**Task to carry out**
Once the line containing "using simple_root_nonzero[OF j]" is found, retype it and each line after it through the last entry below, word for word, and nothing else.

Input for this task Block Start

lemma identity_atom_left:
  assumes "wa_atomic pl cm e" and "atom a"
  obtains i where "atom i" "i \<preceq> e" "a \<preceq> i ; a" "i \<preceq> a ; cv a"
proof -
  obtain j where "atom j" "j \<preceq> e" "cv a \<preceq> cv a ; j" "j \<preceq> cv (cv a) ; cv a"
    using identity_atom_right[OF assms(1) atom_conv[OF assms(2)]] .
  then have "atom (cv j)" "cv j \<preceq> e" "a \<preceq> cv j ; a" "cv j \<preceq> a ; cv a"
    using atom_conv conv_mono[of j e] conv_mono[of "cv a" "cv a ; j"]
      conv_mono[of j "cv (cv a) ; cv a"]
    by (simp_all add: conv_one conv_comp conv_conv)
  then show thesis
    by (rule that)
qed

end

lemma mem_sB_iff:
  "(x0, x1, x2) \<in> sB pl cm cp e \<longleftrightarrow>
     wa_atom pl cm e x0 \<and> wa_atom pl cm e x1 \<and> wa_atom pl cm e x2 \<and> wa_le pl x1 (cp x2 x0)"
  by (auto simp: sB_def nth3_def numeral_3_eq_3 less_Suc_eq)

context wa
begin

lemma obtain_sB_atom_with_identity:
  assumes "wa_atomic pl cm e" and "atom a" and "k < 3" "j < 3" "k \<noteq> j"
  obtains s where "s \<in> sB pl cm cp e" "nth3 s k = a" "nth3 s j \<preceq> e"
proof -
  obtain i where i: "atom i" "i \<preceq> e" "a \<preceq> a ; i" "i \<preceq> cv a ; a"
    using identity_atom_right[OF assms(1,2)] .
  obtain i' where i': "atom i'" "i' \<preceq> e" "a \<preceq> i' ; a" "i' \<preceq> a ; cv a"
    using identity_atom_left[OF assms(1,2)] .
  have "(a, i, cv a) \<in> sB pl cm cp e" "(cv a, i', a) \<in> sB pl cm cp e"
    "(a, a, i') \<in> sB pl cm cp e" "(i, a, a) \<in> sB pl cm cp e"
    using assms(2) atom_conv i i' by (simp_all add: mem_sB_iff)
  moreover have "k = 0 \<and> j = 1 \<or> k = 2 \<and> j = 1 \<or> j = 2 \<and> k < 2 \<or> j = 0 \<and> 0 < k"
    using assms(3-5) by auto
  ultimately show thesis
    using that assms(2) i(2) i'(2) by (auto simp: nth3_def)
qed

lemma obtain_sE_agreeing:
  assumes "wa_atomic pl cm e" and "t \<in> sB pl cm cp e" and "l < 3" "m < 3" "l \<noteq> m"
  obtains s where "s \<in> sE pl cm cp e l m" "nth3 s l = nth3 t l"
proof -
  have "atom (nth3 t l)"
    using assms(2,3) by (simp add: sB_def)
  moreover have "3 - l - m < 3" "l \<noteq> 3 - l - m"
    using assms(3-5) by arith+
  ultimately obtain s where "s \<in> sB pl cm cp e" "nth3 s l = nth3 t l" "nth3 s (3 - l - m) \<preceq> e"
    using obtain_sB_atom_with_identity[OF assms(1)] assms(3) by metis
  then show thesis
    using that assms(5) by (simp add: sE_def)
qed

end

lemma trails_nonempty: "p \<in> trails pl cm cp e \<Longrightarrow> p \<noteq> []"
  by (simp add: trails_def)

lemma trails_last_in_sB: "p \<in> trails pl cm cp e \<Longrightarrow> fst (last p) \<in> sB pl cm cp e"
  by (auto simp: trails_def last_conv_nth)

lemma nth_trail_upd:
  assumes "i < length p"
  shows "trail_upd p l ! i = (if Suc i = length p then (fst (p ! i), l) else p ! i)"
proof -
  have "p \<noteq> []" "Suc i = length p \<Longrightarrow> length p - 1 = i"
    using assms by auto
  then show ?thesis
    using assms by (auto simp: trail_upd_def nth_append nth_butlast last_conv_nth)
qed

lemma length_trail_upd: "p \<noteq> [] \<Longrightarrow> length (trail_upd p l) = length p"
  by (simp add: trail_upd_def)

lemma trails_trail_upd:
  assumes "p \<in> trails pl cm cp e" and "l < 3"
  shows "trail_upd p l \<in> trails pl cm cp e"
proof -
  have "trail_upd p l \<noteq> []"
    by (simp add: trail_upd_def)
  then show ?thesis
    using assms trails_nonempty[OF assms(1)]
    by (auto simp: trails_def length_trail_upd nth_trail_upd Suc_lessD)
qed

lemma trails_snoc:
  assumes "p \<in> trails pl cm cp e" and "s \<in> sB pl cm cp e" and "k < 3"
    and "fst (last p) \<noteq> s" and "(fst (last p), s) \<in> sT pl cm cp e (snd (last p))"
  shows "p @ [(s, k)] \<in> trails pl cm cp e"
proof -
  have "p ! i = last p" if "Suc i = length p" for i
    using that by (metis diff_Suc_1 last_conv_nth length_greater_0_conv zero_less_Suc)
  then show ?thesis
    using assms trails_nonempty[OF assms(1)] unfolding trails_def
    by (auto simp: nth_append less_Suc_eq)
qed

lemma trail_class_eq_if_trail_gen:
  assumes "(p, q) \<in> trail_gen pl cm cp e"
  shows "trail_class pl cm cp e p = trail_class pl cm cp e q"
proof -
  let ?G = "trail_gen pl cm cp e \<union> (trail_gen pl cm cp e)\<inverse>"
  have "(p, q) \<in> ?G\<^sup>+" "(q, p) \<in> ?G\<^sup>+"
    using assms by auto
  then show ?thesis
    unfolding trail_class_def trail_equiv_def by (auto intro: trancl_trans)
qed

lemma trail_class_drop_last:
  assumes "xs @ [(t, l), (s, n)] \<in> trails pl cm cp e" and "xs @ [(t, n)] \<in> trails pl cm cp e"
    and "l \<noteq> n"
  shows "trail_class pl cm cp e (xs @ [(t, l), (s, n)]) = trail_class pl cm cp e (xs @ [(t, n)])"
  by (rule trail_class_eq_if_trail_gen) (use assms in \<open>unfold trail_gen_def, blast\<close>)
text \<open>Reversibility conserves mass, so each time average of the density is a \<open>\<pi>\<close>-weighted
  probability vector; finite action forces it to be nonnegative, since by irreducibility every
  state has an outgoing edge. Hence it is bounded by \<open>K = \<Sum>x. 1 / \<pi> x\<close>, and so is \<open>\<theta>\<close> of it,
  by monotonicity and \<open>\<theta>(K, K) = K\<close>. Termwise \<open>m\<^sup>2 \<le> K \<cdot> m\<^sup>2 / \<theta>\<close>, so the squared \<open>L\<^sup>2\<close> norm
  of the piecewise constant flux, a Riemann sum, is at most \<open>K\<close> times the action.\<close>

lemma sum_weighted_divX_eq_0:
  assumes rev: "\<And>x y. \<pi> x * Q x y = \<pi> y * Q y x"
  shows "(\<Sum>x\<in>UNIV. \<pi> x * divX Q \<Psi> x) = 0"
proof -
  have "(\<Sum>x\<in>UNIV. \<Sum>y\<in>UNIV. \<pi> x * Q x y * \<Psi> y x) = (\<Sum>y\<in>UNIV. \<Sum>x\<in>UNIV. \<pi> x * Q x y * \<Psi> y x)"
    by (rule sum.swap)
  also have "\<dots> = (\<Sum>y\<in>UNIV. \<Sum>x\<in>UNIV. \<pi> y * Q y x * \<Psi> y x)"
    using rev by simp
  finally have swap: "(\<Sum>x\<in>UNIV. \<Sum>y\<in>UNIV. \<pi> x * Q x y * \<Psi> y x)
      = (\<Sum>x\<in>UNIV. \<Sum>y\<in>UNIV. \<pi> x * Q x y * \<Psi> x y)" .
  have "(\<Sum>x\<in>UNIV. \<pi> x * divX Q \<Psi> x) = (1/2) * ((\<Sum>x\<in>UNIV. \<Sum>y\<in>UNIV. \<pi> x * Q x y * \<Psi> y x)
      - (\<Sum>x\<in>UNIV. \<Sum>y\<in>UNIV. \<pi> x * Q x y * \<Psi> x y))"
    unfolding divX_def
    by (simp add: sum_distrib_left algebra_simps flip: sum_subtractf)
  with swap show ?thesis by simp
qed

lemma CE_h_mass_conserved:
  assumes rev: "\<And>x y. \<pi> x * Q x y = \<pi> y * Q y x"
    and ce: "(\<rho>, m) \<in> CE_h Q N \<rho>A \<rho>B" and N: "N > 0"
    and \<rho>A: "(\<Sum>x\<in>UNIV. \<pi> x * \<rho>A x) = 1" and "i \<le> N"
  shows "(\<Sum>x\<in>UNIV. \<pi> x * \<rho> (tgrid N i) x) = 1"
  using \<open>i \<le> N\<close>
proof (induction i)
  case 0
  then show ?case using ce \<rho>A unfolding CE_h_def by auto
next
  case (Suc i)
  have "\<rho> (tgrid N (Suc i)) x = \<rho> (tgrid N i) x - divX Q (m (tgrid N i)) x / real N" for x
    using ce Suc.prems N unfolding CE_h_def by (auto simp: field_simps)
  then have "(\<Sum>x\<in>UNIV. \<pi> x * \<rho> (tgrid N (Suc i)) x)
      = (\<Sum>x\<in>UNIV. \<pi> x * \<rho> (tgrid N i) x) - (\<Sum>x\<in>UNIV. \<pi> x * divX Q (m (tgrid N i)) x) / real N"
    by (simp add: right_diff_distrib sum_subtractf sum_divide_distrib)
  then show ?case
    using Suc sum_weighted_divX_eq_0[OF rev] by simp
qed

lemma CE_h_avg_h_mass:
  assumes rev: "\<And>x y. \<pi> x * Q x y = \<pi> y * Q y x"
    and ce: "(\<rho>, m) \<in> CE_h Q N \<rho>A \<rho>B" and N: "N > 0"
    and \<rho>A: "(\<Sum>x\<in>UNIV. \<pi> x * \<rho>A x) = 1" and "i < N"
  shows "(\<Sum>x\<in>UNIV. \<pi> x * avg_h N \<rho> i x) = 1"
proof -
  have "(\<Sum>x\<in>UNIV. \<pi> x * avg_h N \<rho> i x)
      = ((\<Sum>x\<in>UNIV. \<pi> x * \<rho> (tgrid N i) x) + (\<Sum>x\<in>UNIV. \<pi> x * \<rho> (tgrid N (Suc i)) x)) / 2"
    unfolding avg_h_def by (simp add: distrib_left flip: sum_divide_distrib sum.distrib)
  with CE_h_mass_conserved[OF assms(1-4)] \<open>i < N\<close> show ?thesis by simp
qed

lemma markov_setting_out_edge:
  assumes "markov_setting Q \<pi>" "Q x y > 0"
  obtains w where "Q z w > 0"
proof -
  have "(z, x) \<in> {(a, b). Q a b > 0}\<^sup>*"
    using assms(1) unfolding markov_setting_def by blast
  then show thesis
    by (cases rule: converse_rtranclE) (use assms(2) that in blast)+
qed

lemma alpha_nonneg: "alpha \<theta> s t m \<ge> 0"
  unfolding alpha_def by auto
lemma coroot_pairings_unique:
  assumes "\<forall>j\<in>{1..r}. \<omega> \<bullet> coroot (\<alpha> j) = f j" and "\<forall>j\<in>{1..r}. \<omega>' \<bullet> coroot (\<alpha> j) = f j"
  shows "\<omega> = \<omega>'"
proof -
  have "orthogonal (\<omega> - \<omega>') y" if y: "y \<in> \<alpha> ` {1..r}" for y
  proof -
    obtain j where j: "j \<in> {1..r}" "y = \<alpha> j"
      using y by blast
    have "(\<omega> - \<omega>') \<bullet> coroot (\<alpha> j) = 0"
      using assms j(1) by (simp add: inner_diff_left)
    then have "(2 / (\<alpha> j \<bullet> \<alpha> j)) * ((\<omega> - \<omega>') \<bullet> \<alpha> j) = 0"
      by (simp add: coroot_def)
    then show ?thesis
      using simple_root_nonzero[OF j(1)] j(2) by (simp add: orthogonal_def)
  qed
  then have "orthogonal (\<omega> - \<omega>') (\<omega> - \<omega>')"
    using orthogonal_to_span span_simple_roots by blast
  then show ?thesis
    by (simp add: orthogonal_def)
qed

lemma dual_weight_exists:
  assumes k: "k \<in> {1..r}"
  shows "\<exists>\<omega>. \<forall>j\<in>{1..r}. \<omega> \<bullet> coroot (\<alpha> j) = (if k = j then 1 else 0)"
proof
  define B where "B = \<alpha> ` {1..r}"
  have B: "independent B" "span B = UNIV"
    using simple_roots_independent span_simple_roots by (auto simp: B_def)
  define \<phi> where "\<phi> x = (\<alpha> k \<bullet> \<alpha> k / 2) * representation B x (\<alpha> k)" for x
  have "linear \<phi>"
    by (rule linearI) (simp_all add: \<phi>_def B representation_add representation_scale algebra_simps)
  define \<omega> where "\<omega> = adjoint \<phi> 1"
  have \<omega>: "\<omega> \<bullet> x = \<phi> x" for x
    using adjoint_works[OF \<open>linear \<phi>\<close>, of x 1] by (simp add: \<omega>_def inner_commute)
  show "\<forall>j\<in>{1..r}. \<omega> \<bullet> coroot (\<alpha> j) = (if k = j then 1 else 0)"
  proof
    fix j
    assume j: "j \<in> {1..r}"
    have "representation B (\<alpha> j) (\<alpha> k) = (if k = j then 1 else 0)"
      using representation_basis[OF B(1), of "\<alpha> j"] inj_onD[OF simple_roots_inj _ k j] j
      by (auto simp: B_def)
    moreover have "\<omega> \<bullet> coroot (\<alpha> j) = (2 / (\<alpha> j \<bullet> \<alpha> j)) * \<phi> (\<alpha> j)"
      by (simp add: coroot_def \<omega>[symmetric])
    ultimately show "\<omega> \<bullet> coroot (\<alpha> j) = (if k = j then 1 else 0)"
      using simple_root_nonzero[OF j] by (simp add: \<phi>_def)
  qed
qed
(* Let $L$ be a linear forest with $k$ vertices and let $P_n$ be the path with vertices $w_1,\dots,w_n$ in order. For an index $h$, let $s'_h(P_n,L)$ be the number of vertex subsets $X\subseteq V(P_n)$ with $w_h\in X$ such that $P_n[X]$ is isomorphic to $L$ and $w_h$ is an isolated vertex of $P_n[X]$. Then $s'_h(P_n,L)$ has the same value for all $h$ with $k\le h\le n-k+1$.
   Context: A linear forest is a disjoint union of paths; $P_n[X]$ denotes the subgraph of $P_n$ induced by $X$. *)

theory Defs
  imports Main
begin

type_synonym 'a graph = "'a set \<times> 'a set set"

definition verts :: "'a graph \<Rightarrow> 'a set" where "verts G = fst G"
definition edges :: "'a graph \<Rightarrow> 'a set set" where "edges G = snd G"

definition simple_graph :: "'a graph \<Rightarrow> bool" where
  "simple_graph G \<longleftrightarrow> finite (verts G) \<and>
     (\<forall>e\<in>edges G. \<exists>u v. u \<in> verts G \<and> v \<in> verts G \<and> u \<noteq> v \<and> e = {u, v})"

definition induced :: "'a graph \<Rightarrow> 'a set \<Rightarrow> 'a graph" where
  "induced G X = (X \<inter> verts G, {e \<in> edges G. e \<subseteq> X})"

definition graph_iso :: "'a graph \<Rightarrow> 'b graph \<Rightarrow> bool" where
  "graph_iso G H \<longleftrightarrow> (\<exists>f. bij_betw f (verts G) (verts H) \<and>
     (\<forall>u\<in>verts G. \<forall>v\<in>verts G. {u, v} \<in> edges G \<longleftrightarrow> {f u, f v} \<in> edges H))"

Input for this task Block End

**Task response**
      using simple_root_nonzero[OF j] by (simp add: \<phi>_def)
  qed
qed
(* Let $L$ be a linear forest with $k$ vertices and let $P_n$ be the path with vertices $w_1,\dots,w_n$ in order. For an index $h$, let $s'_h(P_n,L)$ be the number of vertex subsets $X\subseteq V(P_n)$ with $w_h\in X$ such that $P_n[X]$ is isomorphic to $L$ and $w_h$ is an isolated vertex of $P_n[X]$. Then $s'_h(P_n,L)$ has the same value for all $h$ with $k\le h\le n-k+1$.
   Context: A linear forest is a disjoint union of paths; $P_n[X]$ denotes the subgraph of $P_n$ induced by $X$. *)

theory Defs
  imports Main
begin

type_synonym 'a graph = "'a set \<times> 'a set set"

definition verts :: "'a graph \<Rightarrow> 'a set" where "verts G = fst G"
definition edges :: "'a graph \<Rightarrow> 'a set set" where "edges G = snd G"

definition simple_graph :: "'a graph \<Rightarrow> bool" where
  "simple_graph G \<longleftrightarrow> finite (verts G) \<and>
     (\<forall>e\<in>edges G. \<exists>u v. u \<in> verts G \<and> v \<in> verts G \<and> u \<noteq> v \<and> e = {u, v})"

definition induced :: "'a graph \<Rightarrow> 'a set \<Rightarrow> 'a graph" where
  "induced G X = (X \<inter> verts G, {e \<in> edges G. e \<subseteq> X})"

definition graph_iso :: "'a graph \<Rightarrow> 'b graph \<Rightarrow> bool" where
  "graph_iso G H \<longleftrightarrow> (\<exists>f. bij_betw f (verts G) (verts H) \<and>
     (\<forall>u\<in>verts G. \<forall>v\<in>verts G. {u, v} \<in> edges G \<longleftrightarrow> {f u, f v} \<in> edges H))"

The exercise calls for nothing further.